Copy the lines below verbatim. Begin with the first and end with the line containing "- col (calM0".

--- TASK MATERIAL Enclosed Below ---

lemma right_inverse_calM0_square_unique:
  assumes C1: "C1 \<in> carrier_mat (q * r) q" and C2: "C2 \<in> carrier_mat (q * r) q"
    and inv1: "\<And>z. calM0 q r q z * map_mat complex_of_real C1 = 1\<^sub>m q"
    and inv2: "\<And>z. calM0 q r q z * map_mat complex_of_real C2 = 1\<^sub>m q"
  shows "C1 = C2"
proof (rule eq_matI)
  fix c l assume "c < dim_row C2" "l < dim_col C2"
  then have c: "c < q * r" and l: "l < q" using C2 by auto
  define v where "v = col (map_mat complex_of_real C1) l - col (map_mat complex_of_real C2) l"
  have "calM0 q r q z *\<^sub>v v = 0\<^sub>v q" for z
  proof -
    have "calM0 q r q z *\<^sub>v v = col (calM0 q r q z * map_mat complex_of_real C1) l
        - col (calM0 q r q z * map_mat complex_of_real C2) l"
      using C1 C2 l calM0_carrier[of q r q z] by (simp add: v_def mult_minus_distrib_mat_vec[of _ q "q * r"])
    then show ?thesis by (auto simp: inv1 inv2 intro!: eq_vecI)
  qed
  then have "v = 0\<^sub>v (q * r)"
    using C1 C2 l by (intro calM0_square_kernel) (auto simp: v_def)
  then have "v $ c = 0" using c by simp
  then show "C1 $$ (c, l) = C2 $$ (c, l)"
    using C1 C2 c l by (simp add: v_def)
qed (use C1 C2 in simp_all)

lemma mult_mat_vec_of_real_right_inverse:
  fixes A :: "'a :: real_algebra_1 mat"
  assumes A: "A \<in> carrier_mat n m" and C: "C \<in> carrier_mat m n" and b: "b \<in> carrier_vec n"
    and inv: "A * map_mat of_real C = 1\<^sub>m n"
  shows "A *\<^sub>v map_vec of_real (C *\<^sub>v b) = map_vec of_real b"
proof -
  have "A *\<^sub>v map_vec of_real (C *\<^sub>v b) = (A * map_mat of_real C) *\<^sub>v map_vec of_real b"
    using A C b by (simp add: of_real_hom.mult_mat_vec_hom assoc_mult_mat_vec)
  then show ?thesis using b by (simp add: inv)
qed

lemma right_inverse_calM0_unique_iff:
  assumes "0 < q" "0 < r" "q \<le> r" "q \<le> \<nu>"
  shows "(\<exists>!C. C \<in> carrier_mat (\<nu> * r) q \<and> (\<forall>z. calM0 q r \<nu> z * map_mat complex_of_real C = 1\<^sub>m q))
    \<longleftrightarrow> \<nu> = q"
proof
  assume unique: "\<exists>!C. C \<in> carrier_mat (\<nu> * r) q \<and> (\<forall>z. calM0 q r \<nu> z * map_mat complex_of_real C = 1\<^sub>m q)"
  show "\<nu> = q"
  proof (rule ccontr)
    assume "\<nu> \<noteq> q"
    with assms obtain C' where "C' \<in> carrier_mat (\<nu> * r) q" "C' \<noteq> Cmat q r \<nu>"
      "\<And>z. calM0 q r \<nu> z * map_mat complex_of_real C' = 1\<^sub>m q"
      using right_inverse_calM0_not_unique[OF _ _ _ Cmat_carrier calM0_mult_Cmat] by (metis le_neq_implies_less)
    with unique Cmat_carrier calM0_mult_Cmat[OF \<open>q \<le> r\<close> \<open>q \<le> \<nu>\<close>] show False by blast
  qed
next
  assume "\<nu> = q"
  then show "\<exists>!C. C \<in> carrier_mat (\<nu> * r) q \<and> (\<forall>z. calM0 q r \<nu> z * map_mat complex_of_real C = 1\<^sub>m q)"
    using Cmat_carrier calM0_mult_Cmat[OF \<open>q \<le> r\<close> \<open>q \<le> \<nu>\<close>] right_inverse_calM0_square_unique by blast
qed

theorem proposition7p1:
  fixes q r \<nu> :: nat
  assumes "0 < q" and "0 < r" and "0 < \<nu>" and "q \<le> r" and "q \<le> \<nu>"
  shows "(\<exists>C \<in> carrier_mat (\<nu> * r) q.
            \<forall>z. calM0 q r \<nu> z * map_mat complex_of_real C = 1\<^sub>m q)
       \<and> (\<forall>C \<in> carrier_mat (\<nu> * r) q.
            (\<forall>z. calM0 q r \<nu> z * map_mat complex_of_real C = 1\<^sub>m q) \<longrightarrow>
            (\<forall>b \<in> carrier_vec q. \<forall>z.
               calM0 q r \<nu> z *\<^sub>v map_vec complex_of_real (C *\<^sub>v b) = map_vec complex_of_real b))
       \<and> ((\<exists>!C. C \<in> carrier_mat (\<nu> * r) q \<and>
              (\<forall>z. calM0 q r \<nu> z * map_mat complex_of_real C = 1\<^sub>m q)) \<longleftrightarrow> \<nu> = q)
       \<and> (\<forall>z. calM0 q r \<nu> z *
              map_mat complex_of_real
                (kron (1\<^sub>m \<nu>) (minv (Dmat r)) * calB0 q r \<nu> * minv (Dmat q)) = 1\<^sub>m q)"
proof (intro conjI)
  note inverse = calM0_mult_Cmat[OF \<open>q \<le> r\<close> \<open>q \<le> \<nu>\<close>]
  show "\<exists>C \<in> carrier_mat (\<nu> * r) q. \<forall>z. calM0 q r \<nu> z * map_mat complex_of_real C = 1\<^sub>m q"
    using Cmat_carrier inverse by blast
  show "\<forall>z. calM0 q r \<nu> z * map_mat complex_of_real
      (kron (1\<^sub>m \<nu>) (minv (Dmat r)) * calB0 q r \<nu> * minv (Dmat q)) = 1\<^sub>m q"
    using inverse by (simp add: Cmat_def)
  show "\<forall>C \<in> carrier_mat (\<nu> * r) q. (\<forall>z. calM0 q r \<nu> z * map_mat complex_of_real C = 1\<^sub>m q) \<longrightarrow>
      (\<forall>b \<in> carrier_vec q. \<forall>z.
        calM0 q r \<nu> z *\<^sub>v map_vec complex_of_real (C *\<^sub>v b) = map_vec complex_of_real b)"
    using calM0_carrier by (blast intro: mult_mat_vec_of_real_right_inverse)
  show "(\<exists>!C. C \<in> carrier_mat (\<nu> * r) q \<and> (\<forall>z. calM0 q r \<nu> z * map_mat complex_of_real C = 1\<^sub>m q))
      \<longleftrightarrow> \<nu> = q"
    using assms by (intro right_inverse_calM0_unique_iff)
qed

end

--- End of Enclosed TASK MATERIAL ---

OUTPUT FOR THIS TASK:
lemma right_inverse_calM0_square_unique:
  assumes C1: "C1 \<in> carrier_mat (q * r) q" and C2: "C2 \<in> carrier_mat (q * r) q"
    and inv1: "\<And>z. calM0 q r q z * map_mat complex_of_real C1 = 1\<^sub>m q"
    and inv2: "\<And>z. calM0 q r q z * map_mat complex_of_real C2 = 1\<^sub>m q"
  shows "C1 = C2"
proof (rule eq_matI)
  fix c l assume "c < dim_row C2" "l < dim_col C2"
  then have c: "c < q * r" and l: "l < q" using C2 by auto
  define v where "v = col (map_mat complex_of_real C1) l - col (map_mat complex_of_real C2) l"
  have "calM0 q r q z *\<^sub>v v = 0\<^sub>v q" for z
  proof -
    have "calM0 q r q z *\<^sub>v v = col (calM0 q r q z * map_mat complex_of_real C1) l
        - col (calM0 q r q z * map_mat complex_of_real C2) l"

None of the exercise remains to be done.